Assigned task>
Copy each line of the following material that has the string "then".
•••
lemma (in prob_space) rademacher_law_distr:
  assumes X: "rademacher M X"
  shows "rademacher_law (distr M borel X)"
proof -
  have [measurable]: "X \<in> borel_measurable M" using X by (simp add: rademacher_def)
  have "measure (distr M borel X) {c} = measure M {w \<in> space M. X w = c}" for c
    by (subst measure_distr) (auto intro!: arg_cong[where f="measure M"])
  then show ?thesis
    using X by (intro rademacher_law.intro rademacher_law_axioms.intro prob_space_distr)
      (simp_all add: rademacher_def)
qed

section \<open>Empirical deviations and symmetrization\<close>

definition empirical_deviation :: "'a measure \<Rightarrow> ('v \<Rightarrow> 'a \<Rightarrow> real) \<Rightarrow> 'v set \<Rightarrow> 'i set \<Rightarrow> ('i \<Rightarrow> 'a) \<Rightarrow> real" where
  "empirical_deviation \<mu> q D I x = (SUP v\<in>D. (\<integral>y. q v y \<partial>\<mu>) - (\<Sum>k\<in>I. q v (x k)) / real (card I))"

definition rademacher_average :: "('v \<Rightarrow> 'a \<Rightarrow> real) \<Rightarrow> 'v set \<Rightarrow> 'i set \<Rightarrow> ('i \<Rightarrow> 'a) \<Rightarrow> real" where
  "rademacher_average q D I x = (\<Sum>e\<in>sign_vectors I. SUP v\<in>D. \<Sum>k\<in>I. e k * q v (x k)) / 2 ^ card I"

lemma abs_mean_deviation_le:
  fixes \<mu> :: "'a measure" and f :: "'a \<Rightarrow> real"
  assumes "prob_space \<mu>" "finite I" "I \<noteq> {}"
    and "f \<in> borel_measurable \<mu>" and f_bound: "\<And>y. \<bar>f y\<bar> \<le> c"
  shows "\<bar>(\<integral>y. f y \<partial>\<mu>) - (\<Sum>k\<in>I. f (x k)) / real (card I)\<bar> \<le> 2 * c"
proof -
  have "\<bar>\<integral>y. f y \<partial>\<mu>\<bar> \<le> c"
    using assms by (intro prob_space.abs_integral_le_const) auto
  moreover have "\<bar>(\<Sum>k\<in>I. f (x k)) / real (card I)\<bar> \<le> c"
    using sum_abs_bound[of I "\<lambda>k. f (x k)" c] f_bound assms(2,3)
    by (simp add: abs_divide divide_le_eq card_gt_0_iff mult.commute)
  ultimately show ?thesis by linarith
qed

lemma abs_empirical_deviation_le:
  fixes \<mu> :: "'a measure" and q :: "'v \<Rightarrow> 'a \<Rightarrow> real"
  assumes "prob_space \<mu>" "D \<noteq> {}" "finite I" "I \<noteq> {}"
    and "\<And>v. q v \<in> borel_measurable \<mu>" and "\<And>v y. \<bar>q v y\<bar> \<le> c"
  shows "\<bar>empirical_deviation \<mu> q D I x\<bar> \<le> 2 * c"
  unfolding empirical_deviation_def using assms by (intro abs_SUP_le abs_mean_deviation_le)

lemma borel_measurable_empirical_deviation:
  fixes \<mu> :: "'a measure" and q :: "'v \<Rightarrow> 'a \<Rightarrow> real"
  assumes "prob_space \<mu>" "countable D" "finite I" "I \<noteq> {}"
    and q_meas: "\<And>v. q v \<in> borel_measurable \<mu>" and "\<And>v y. \<bar>q v y\<bar> \<le> c"
  shows "empirical_deviation \<mu> q D I \<in> borel_measurable (PiM I (\<lambda>_. \<mu>))"
proof -
  have [measurable]: "(\<lambda>x. q v (x k)) \<in> borel_measurable (PiM I (\<lambda>_. \<mu>))" if "k \<in> I" for v k
    using that q_meas by (rule borel_measurable_PiM_component)
  show ?thesis
    unfolding empirical_deviation_def[abs_def] using assms
    by (intro borel_measurable_cSUP bdd_above_image_abs_le[of _ _ "2 * c"] abs_mean_deviation_le) auto
qed

lemma integrable_rademacher_average:
  fixes \<mu> :: "'a measure" and q :: "'v \<Rightarrow> 'a \<Rightarrow> real"
  assumes \<mu>: "prob_space \<mu>" and D: "countable D" "D \<noteq> {}" and I: "finite I"
    and q_meas: "\<And>v. q v \<in> borel_measurable \<mu>" and q_bound: "\<And>v y. \<bar>q v y\<bar> \<le> c"
  shows "integrable (PiM I (\<lambda>_. \<mu>)) (rademacher_average q D I)"
proof -
  interpret PI: prob_space "PiM I (\<lambda>_. \<mu>)" by (rule prob_space_PiM) (use \<mu> in auto)
  have "integrable (PiM I (\<lambda>_. \<mu>)) (\<lambda>x. SUP v\<in>D. \<Sum>k\<in>I. e k * q v (x k))" if "e \<in> sign_vectors I" for e
  proof (rule PI.integrable_SUP_abs_le[OF D, where B="real (card I) * c"])
    show "(\<lambda>x. \<Sum>k\<in>I. e k * q v (x k)) \<in> borel_measurable (PiM I (\<lambda>_. \<mu>))" for v
      by (auto intro!: borel_measurable_sum borel_measurable_times borel_measurable_PiM_component q_meas)
    show "\<bar>\<Sum>k\<in>I. e k * q v (x k)\<bar> \<le> real (card I) * c" for v x
      using sum_abs_bound[of I "\<lambda>k. e k * q v (x k)" c] q_bound sign_vectors_abs[OF that]
      by (simp add: abs_mult)
  qed
  then have "integrable (PiM I (\<lambda>_. \<mu>)) (\<lambda>x. \<Sum>e\<in>sign_vectors I. SUP v\<in>D. \<Sum>k\<in>I. e k * q v (x k))"
    by (rule Bochner_Integration.integrable_sum)
  then show ?thesis
    unfolding rademacher_average_def[abs_def] by (rule integrable_divide)
qed

lemma integral_empirical_deviation_le_ghost_sample:
  fixes \<mu> :: "'a measure" and q :: "'v \<Rightarrow> 'a \<Rightarrow> real" and p :: nat
  assumes \<mu>: "prob_space \<mu>" and p: "p \<ge> 1" and D: "countable D" "D \<noteq> {}"
    and q_meas: "\<And>v. q v \<in> borel_measurable \<mu>" and q_bound: "\<And>v y. \<bar>q v y\<bar> \<le> c"
  shows "(\<integral>x. empirical_deviation \<mu> q D {1..p} x \<partial>PiM {1..p} (\<lambda>_. \<mu>))
    \<le> (\<integral>w. (SUP v\<in>D. \<Sum>k\<in>{1..p}. q v (w (k+p)) - q v (w k)) \<partial>PiM {1..2*p} (\<lambda>_. \<mu>)) / real p"
proof -
  interpret \<mu>: prob_space \<mu> by (rule \<mu>)
  interpret PS: product_sigma_finite "\<lambda>_. \<mu>"
    unfolding product_sigma_finite_def using prob_space_imp_sigma_finite[OF \<mu>] by simp
  define I where "I = {1..p}"
  define I' where "I' = {p+1..2*p}"
  interpret PI: prob_space "PiM I (\<lambda>_. \<mu>)" by (rule prob_space_PiM) (use \<mu> in auto)
  interpret PI': prob_space "PiM I' (\<lambda>_. \<mu>)" by (rule prob_space_PiM) (use \<mu> in auto)
  interpret PJ: prob_space "PiM (I \<union> I') (\<lambda>_. \<mu>)" by (rule prob_space_PiM) (use \<mu> in auto)
  have J: "{1..2*p} = I \<union> I'" "I \<inter> I' = {}" "finite I" "finite I'"
    unfolding I_def I'_def by auto
  have shift: "k + p \<in> I'" "k + p \<notin> I" if "k \<in> I" for k using that by (auto simp: I_def I'_def)
  have q_meas': "(\<lambda>w. q v (w k)) \<in> borel_measurable (PiM K (\<lambda>_. \<mu>))" if "k \<in> K" for v k K
    using that q_meas by (rule borel_measurable_PiM_component)
  define H where "H w = (SUP v\<in>D. \<Sum>k\<in>I. q v (w (k+p)) - q v (w k))" for w
  have q_diff: "\<bar>q v y - q v y'\<bar> \<le> 2 * c" for v y y'
    using q_bound[of v y] q_bound[of v y'] by linarith
  have H_bound: "\<bar>\<Sum>k\<in>I. q v (w (k+p)) - q v (w k)\<bar> \<le> real p * (2 * c)" for v w
    using sum_abs_bound[of I "\<lambda>k. q v (w (k+p)) - q v (w k)" "2 * c"] q_diff by (simp add: I_def)
  have H_abs: "\<bar>H w\<bar> \<le> real p * (2 * c)" for w
    unfolding H_def by (rule abs_SUP_le[OF D(2) H_bound])
  have H_meas: "H \<in> borel_measurable (PiM (I \<union> I') (\<lambda>_. \<mu>))"
    unfolding H_def using D shift
    by (intro borel_measurable_cSUP bdd_above_image_abs_le[OF H_bound] borel_measurable_sum
        borel_measurable_diff q_meas') auto
  have H_merge_meas: "(\<lambda>(x, y). H (merge I I' (x, y))) \<in> borel_measurable (PiM I (\<lambda>_. \<mu>) \<Otimes>\<^sub>M PiM I' (\<lambda>_. \<mu>))"
    using measurable_comp[OF measurable_merge H_meas] by (simp add: comp_def case_prod_beta)
  have deviation_le: "empirical_deviation \<mu> q D I x \<le> (\<integral>y. H (merge I I' (x, y)) \<partial>PiM I' (\<lambda>_. \<mu>)) / real p"
    if x: "x \<in> space (PiM I (\<lambda>_. \<mu>))" for x
    unfolding empirical_deviation_def
  proof (rule cSUP_least[OF D(2)])
    fix v assume v: "v \<in> D"
    have merge: "merge I I' (x, y) k = x k" "merge I I' (x, y) (k+p) = y (k+p)" if "k \<in> I" for k y
      using that shift[OF that] by (auto simp: merge_def)
    have ghost: "(\<integral>y. q v (y (k+p)) \<partial>PiM I' (\<lambda>_. \<mu>)) = (\<integral>y. q v y \<partial>\<mu>)" if k: "k \<in> I" for k
      by (rule integral_PiM_component[OF \<mu> shift(1)[OF k] q_meas])
    have integrable_ghost: "integrable (PiM I' (\<lambda>_. \<mu>)) (\<lambda>y. q v (y (k+p)))" if "k \<in> I" for k
      using q_bound q_meas'[OF shift(1)[OF that]] by (intro PI'.integrable_const_bound[where B=c]) auto
    have "real p * (\<integral>y. q v y \<partial>\<mu>) - (\<Sum>k\<in>I. q v (x k)) = (\<Sum>k\<in>I. (\<integral>y. q v y \<partial>\<mu>) - q v (x k))"
      by (simp add: sum_subtractf I_def)
    also have "\<dots> = (\<Sum>k\<in>I. \<integral>y. q v (y (k+p)) - q v (x k) \<partial>PiM I' (\<lambda>_. \<mu>))"
      by (intro sum.cong refl) (simp add: integrable_ghost ghost PI'.prob_space)
    also have "\<dots> = (\<integral>y. (\<Sum>k\<in>I. q v (y (k+p)) - q v (x k)) \<partial>PiM I' (\<lambda>_. \<mu>))"
      by (rule Bochner_Integration.integral_sum[symmetric]) (simp add: integrable_ghost)
    also have "\<dots> = (\<integral>y. (\<Sum>k\<in>I. q v (merge I I' (x, y) (k+p)) - q v (merge I I' (x, y) k)) \<partial>PiM I' (\<lambda>_. \<mu>))"
      by (intro Bochner_Integration.integral_cong refl sum.cong) (simp add: merge)
    also have "\<dots> \<le> (\<integral>y. H (merge I I' (x, y)) \<partial>PiM I' (\<lambda>_. \<mu>))"
    proof (rule integral_mono)
      show "integrable (PiM I' (\<lambda>_. \<mu>)) (\<lambda>y. H (merge I I' (x, y)))"
        using measurable_Pair2[OF H_merge_meas x] H_abs
        by (intro PI'.integrable_const_bound[where B="real p * (2 * c)"]) auto
      show "integrable (PiM I' (\<lambda>_. \<mu>)) (\<lambda>y. \<Sum>k\<in>I. q v (merge I I' (x, y) (k+p)) - q v (merge I I' (x, y) k))"
      proof (rule PI'.integrable_const_bound[where B="real p * (2 * c)"])
        show "AE y in PiM I' (\<lambda>_. \<mu>). norm (\<Sum>k\<in>I. q v (merge I I' (x, y) (k+p)) - q v (merge I I' (x, y) k))
            \<le> real p * (2 * c)"
          unfolding real_norm_def by (intro AE_I2 H_bound)
      qed (auto intro!: borel_measurable_sum borel_measurable_diff q_meas' simp: merge shift)
      show "(\<Sum>k\<in>I. q v (merge I I' (x, y) (k+p)) - q v (merge I I' (x, y) k)) \<le> H (merge I I' (x, y))" for y
        unfolding H_def by (rule cSUP_upper[OF v bdd_above_image_abs_le[OF H_bound]])
    qed
    finally have "(real p * (\<integral>y. q v y \<partial>\<mu>) - (\<Sum>k\<in>I. q v (x k))) / real p
        \<le> (\<integral>y. H (merge I I' (x, y)) \<partial>PiM I' (\<lambda>_. \<mu>)) / real p"
      by (rule divide_right_mono) simp
    then show "(\<integral>y. q v y \<partial>\<mu>) - (\<Sum>k\<in>I. q v (x k)) / real (card I)
        \<le> (\<integral>y. H (merge I I' (x, y)) \<partial>PiM I' (\<lambda>_. \<mu>)) / real p"
      using p by (simp add: I_def diff_divide_distrib)
  qed
  have "(\<integral>x. empirical_deviation \<mu> q D I x \<partial>PiM I (\<lambda>_. \<mu>))
      \<le> (\<integral>x. (\<integral>y. H (merge I I' (x, y)) \<partial>PiM I' (\<lambda>_. \<mu>)) / real p \<partial>PiM I (\<lambda>_. \<mu>))"
  proof (rule integral_mono[OF _ _ deviation_le])
    show "integrable (PiM I (\<lambda>_. \<mu>)) (empirical_deviation \<mu> q D I)"
      using abs_empirical_deviation_le[OF \<mu> D(2) J(3) _ q_meas q_bound]
        borel_measurable_empirical_deviation[OF \<mu> D(1) J(3) _ q_meas q_bound] p
      by (intro PI.integrable_const_bound[where B="2 * c"]) (auto simp: I_def)
    have "\<bar>\<integral>y. H (merge I I' (x, y)) \<partial>PiM I' (\<lambda>_. \<mu>)\<bar> \<le> real p * (2 * c)"
      if "x \<in> space (PiM I (\<lambda>_. \<mu>))" for x
      using measurable_Pair2[OF H_merge_meas that] H_abs by (intro PI'.abs_integral_le_const) auto
    moreover have "(\<lambda>x. \<integral>y. H (merge I I' (x, y)) \<partial>PiM I' (\<lambda>_. \<mu>)) \<in> borel_measurable (PiM I (\<lambda>_. \<mu>))"
      using H_merge_meas by (intro sigma_finite_measure.borel_measurable_lebesgue_integral) (auto simp: PI'.sigma_finite_measure_axioms)
    ultimately show "integrable (PiM I (\<lambda>_. \<mu>)) (\<lambda>x. (\<integral>y. H (merge I I' (x, y)) \<partial>PiM I' (\<lambda>_. \<mu>)) / real p)"
      by (intro integrable_divide PI.integrable_const_bound[where B="real p * (2 * c)"]) auto
  qed
  also have "\<dots> = (\<integral>w. H w \<partial>PiM (I \<union> I') (\<lambda>_. \<mu>)) / real p"
    using PS.product_integral_fold[OF J(2-4), of H] H_meas H_abs
    by (simp add: PJ.integrable_const_bound[where B="real p * (2 * c)"])
  finally show ?thesis unfolding I_def J(1)[symmetric, unfolded I_def] H_def .
qed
•••
Completed exercise>
  then show ?thesis
  then have "integrable (PiM I (\<lambda>_. \<mu>)) (\<lambda>x. \<Sum>e\<in>sign_vectors I. SUP v\<in>D. \<Sum>k\<in>I. e k * q v (x k))"
  then show ?thesis
    then show "(\<integral>y. q v y \<partial>\<mu>) - (\<Sum>k\<in>I. q v (x k)) / real (card I)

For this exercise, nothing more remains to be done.